══ Provided entries ══

(* Let $\Gamma$ be a distance-regular graph with valency $k$ and diameter $D\geq 2$, and let $\alpha=\lceil \frac{k}{a_1+1}\rceil$. Then $$c_2-1\geq \frac{\alpha(a_1+1)-k}{\binom{\alpha}{2}},$$ and if equality holds then $\Gamma$ is a Terwilliger graph.
   Context: A connected graph $\Gamma$ of diameter $D$ is distance-regular if there are integers $b_i,c_i$ ($0\le i\le D$) such that for any two vertices $x,y$ at distance $i$, exactly $c_i$ neighbours of $y$ are at distance $i-1$ from $x$ and exactly $b_i$ neighbours of $y$ are at distance $i+1$ from $x$. Then $\Gamma$ is regular of valency $k=b_0$, and $a_i:=k-b_i-c_i$. A Terwilliger graph is a connected non-complete graph such that for any two vertices $u,v$ at distance two, the subgraph induced on their common neighbours is a clique of size $\mu$, for some fixed $\mu\geq 1$. *)

theory Defs
  imports Complex_Main
begin

definition simple_graph :: "'a set \<Rightarrow> ('a \<Rightarrow> 'a \<Rightarrow> bool) \<Rightarrow> bool" where
  "simple_graph V E \<longleftrightarrow> finite V \<and> V \<noteq> {} \<and>
     (\<forall>x y. E x y \<longrightarrow> x \<in> V \<and> y \<in> V) \<and>
     (\<forall>x y. E x y \<longrightarrow> E y x) \<and> (\<forall>x. \<not> E x x)"

fun walk :: "('a \<Rightarrow> 'a \<Rightarrow> bool) \<Rightarrow> nat \<Rightarrow> 'a \<Rightarrow> 'a \<Rightarrow> bool" where
  "walk E 0 x y = (x = y)"
| "walk E (Suc n) x y = (\<exists>z. E x z \<and> walk E n z y)"

definition connected_graph :: "'a set \<Rightarrow> ('a \<Rightarrow> 'a \<Rightarrow> bool) \<Rightarrow> bool" where
  "connected_graph V E \<longleftrightarrow> (\<forall>x\<in>V. \<forall>y\<in>V. \<exists>n. walk E n x y)"

definition gdist :: "('a \<Rightarrow> 'a \<Rightarrow> bool) \<Rightarrow> 'a \<Rightarrow> 'a \<Rightarrow> nat" where
  "gdist E x y = (LEAST n. walk E n x y)"

definition diameter :: "'a set \<Rightarrow> ('a \<Rightarrow> 'a \<Rightarrow> bool) \<Rightarrow> nat" where
  "diameter V E = Max {gdist E x y | x y. x \<in> V \<and> y \<in> V}"

text \<open>Distance-regular with diameter D and intersection numbers b i, c i (0 \<le> i \<le> D).
  Valency k = b 0 (regularity follows from the case i = 0).\<close>
definition distance_regular ::
  "'a set \<Rightarrow> ('a \<Rightarrow> 'a \<Rightarrow> bool) \<Rightarrow> nat \<Rightarrow> (nat \<Rightarrow> nat) \<Rightarrow> (nat \<Rightarrow> nat) \<Rightarrow> bool" where
  "distance_regular V E D b c \<longleftrightarrow>
     simple_graph V E \<and> connected_graph V E \<and> diameter V E = D \<and>
     (\<forall>i\<le>D. \<forall>x\<in>V. \<forall>y\<in>V. gdist E x y = i \<longrightarrow>
        (i \<ge> 1 \<longrightarrow> card {z\<in>V. E y z \<and> gdist E x z = i - 1} = c i) \<and>
        card {z\<in>V. E y z \<and> gdist E x z = i + 1} = b i)"

definition is_clique :: "('a \<Rightarrow> 'a \<Rightarrow> bool) \<Rightarrow> 'a set \<Rightarrow> bool" where
  "is_clique E S \<longleftrightarrow> (\<forall>x\<in>S. \<forall>y\<in>S. x \<noteq> y \<longrightarrow> E x y)"

definition complete_graph :: "'a set \<Rightarrow> ('a \<Rightarrow> 'a \<Rightarrow> bool) \<Rightarrow> bool" where
  "complete_graph V E \<longleftrightarrow> is_clique E V"

definition terwilliger_graph :: "'a set \<Rightarrow> ('a \<Rightarrow> 'a \<Rightarrow> bool) \<Rightarrow> bool" where
  "terwilliger_graph V E \<longleftrightarrow> connected_graph V E \<and> \<not> complete_graph V E \<and>
     (\<exists>\<mu>::nat. \<mu> \<ge> 1 \<and> (\<forall>u\<in>V. \<forall>v\<in>V. gdist E u v = 2 \<longrightarrow>
        (let S = {w\<in>V. E u w \<and> E v w} in is_clique E S \<and> card S = \<mu>)))"

end

theory Submission
  imports Defs
begin

text \<open>Fix a vertex \<open>x\<close> and two vertices \<open>u, v\<close> of its neighbourhood \<open>\<Delta>(x)\<close> at distance 2.
  A maximal coclique of \<open>\<Delta>(x)\<close> through \<open>u, v\<close> dominates \<open>\<Delta>(x)\<close>, while each vertex dominates
  only \<open>a\<^sub>1 + 1\<close> vertices of \<open>\<Delta>(x)\<close>; so it has at least \<open>\<alpha>\<close> elements, and we keep \<open>\<alpha>\<close> of them,
  including \<open>u, v\<close>. Their closed neighbourhoods within \<open>\<Delta>(x)\<close> have union of size at most \<open>k\<close>,
  and two of them meet exactly in the common neighbours of \<open>x\<close> and a pair at distance 2,
  of which there are at most \<open>c\<^sub>2 - 1\<close> because \<open>x\<close> is itself a common neighbour of the pair.
  The second Bonferroni inequality gives
  \<open>\<alpha>(a\<^sub>1 + 1) - k \<le> (\<alpha>(\<alpha>-1)/2 - 1)(c\<^sub>2 - 1) + m\<close>, where \<open>m\<close> counts the common neighbours
  of \<open>x, u, v\<close>. Since \<open>m \<le> c\<^sub>2 - 1\<close> the bound follows. If the \<open>\<mu>\<close>-graph of some \<open>u, v\<close>
  contained two non-adjacent vertices \<open>w, w'\<close>, then choosing \<open>x = w\<close> gives \<open>m \<le> c\<^sub>2 - 2\<close>
  and a strict inequality; so equality forces all \<open>\<mu>\<close>-graphs to be cliques.\<close>

lemma card_UN_Bonferroni:
  fixes A :: "'i \<Rightarrow> 'b set"
  assumes "finite C" "\<And>i. i \<in> C \<Longrightarrow> finite (A i)"
  shows "2 * (\<Sum>i\<in>C. card (A i))
           \<le> 2 * card (\<Union>i\<in>C. A i) + (\<Sum>i\<in>C. \<Sum>j\<in>C - {i}. card (A i \<inter> A j))"
  using assms
proof (induction C rule: finite_induct)
  case empty
  show ?case by simp
next
  case (insert a C)
  let ?U = "\<Union>i\<in>C. A i"
  have "card (A a) + card ?U = card (A a \<union> ?U) + card (A a \<inter> ?U)"
    using insert by (intro card_Un_Int) auto
  moreover have "card (A a \<inter> ?U) \<le> (\<Sum>j\<in>C. card (A a \<inter> A j))"
  proof -
    have "A a \<inter> ?U = (\<Union>j\<in>C. A a \<inter> A j)" by auto
    then show ?thesis using card_UN_le[OF insert.hyps(1), of "\<lambda>j. A a \<inter> A j"] by argo
  qed
  moreover have "(\<Sum>i\<in>insert a C. \<Sum>j\<in>insert a C - {i}. card (A i \<inter> A j)) =
      2 * (\<Sum>j\<in>C. card (A a \<inter> A j)) + (\<Sum>i\<in>C. \<Sum>j\<in>C - {i}. card (A i \<inter> A j))"
  proof -
    have "insert a C - {i} = insert a (C - {i})" if "i \<in> C" for i
      using that insert.hyps(2) by auto
    then have "(\<Sum>i\<in>C. \<Sum>j\<in>insert a C - {i}. card (A i \<inter> A j)) =
        (\<Sum>i\<in>C. card (A a \<inter> A i) + (\<Sum>j\<in>C - {i}. card (A i \<inter> A j)))"
      using insert.hyps by (intro sum.cong) (auto simp: Int_commute)
    moreover have "insert a C - {a} = C" using insert.hyps(2) by auto
    ultimately show ?thesis using insert.hyps by (simp add: sum.distrib)
  qed
  ultimately show ?case using insert by simp
qed

lemma sum_offdiagonal_le:
  fixes f :: "'i \<Rightarrow> 'i \<Rightarrow> nat"
  assumes "finite C" "u \<in> C" "v \<in> C" "u \<noteq> v"
    and "\<And>i j. i \<in> C \<Longrightarrow> j \<in> C \<Longrightarrow> i \<noteq> j \<Longrightarrow> f i j \<le> B"
    and "f u v \<le> m" "f v u \<le> m"
  shows "(\<Sum>i\<in>C. \<Sum>j\<in>C - {i}. f i j) + 2 * B \<le> card C * (card C - 1) * B + 2 * m"
proof -
  let ?P = "Sigma C (\<lambda>i. C - {i})" and ?Q = "{(u, v), (v, u)}"
  have "finite ?P" using assms(1) by auto
  have "?Q \<subseteq> ?P" using assms(2-4) by auto
  have "card ?P = card C * (card C - 1)"
    using assms(1) by (simp add: card_SigmaI card_Diff_singleton)
  have "(\<Sum>i\<in>C. \<Sum>j\<in>C - {i}. f i j) = (\<Sum>(i, j)\<in>?P. f i j)"
    using assms(1) by (simp add: sum.Sigma)
  also have "\<dots> = (\<Sum>(i, j)\<in>?P - ?Q. f i j) + (\<Sum>(i, j)\<in>?Q. f i j)"
    using sum.subset_diff[OF \<open>?Q \<subseteq> ?P\<close> \<open>finite ?P\<close>] by simp
  also have "(\<Sum>(i, j)\<in>?P - ?Q. f i j) \<le> card (?P - ?Q) * B"
    using sum_bounded_above[of "?P - ?Q" "\<lambda>(i, j). f i j" B] assms(5) by fastforce
  also have "(\<Sum>(i, j)\<in>?Q. f i j) \<le> 2 * m" using assms(4,6,7) by simp
  finally have "(\<Sum>i\<in>C. \<Sum>j\<in>C - {i}. f i j) \<le> card (?P - ?Q) * B + 2 * m"
    by simp
  moreover have "card ?P = card (?P - ?Q) + 2"
    using card_Diff_subset[OF _ \<open>?Q \<subseteq> ?P\<close>] card_mono[OF \<open>finite ?P\<close> \<open>?Q \<subseteq> ?P\<close>] assms(4)
    by simp
  ultimately show ?thesis using \<open>card ?P = card C * (card C - 1)\<close> by (simp add: add_mult_distrib)
qed

lemma two_mult_choose_two: "2 * (n choose 2) = n * (n - 1)"
  by (cases n) (simp_all add: choose_two)

lemma real_bound_from_doubled:
  fixes n a k c m :: nat
  assumes "1 \<le> c" "2 * (n * a) + 2 * (c - 1) \<le> 2 * k + n * (n - 1) * (c - 1) + 2 * m"
  shows "real (n * a) - real k \<le> (real (n choose 2) - 1) * (real c - 1) + real m"
proof -
  obtain d where d: "c = Suc d" using assms(1) by (cases c) auto
  have "real (2 * (n * a) + 2 * d) \<le> real (2 * k + 2 * (n choose 2) * d + 2 * m)"
    using assms(2) unfolding two_mult_choose_two of_nat_le_iff d by simp
  then show ?thesis unfolding d by (simp add: algebra_simps)
qed

locale connected_simple_graph =
  fixes V :: "'a set" and E :: "'a \<Rightarrow> 'a \<Rightarrow> bool"
  assumes simple: "simple_graph V E" and connected: "connected_graph V E"
begin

═══

Work item> Pull out all lines of the data with the string "most".

Your solution>
  including \<open>u, v\<close>. Their closed neighbourhoods within \<open>\<Delta>(x)\<close> have union of size at most \<open>k\<close>,
  of which there are at most \<open>c\<^sub>2 - 1\<close> because \<open>x\<close> is itself a common neighbour of the pair.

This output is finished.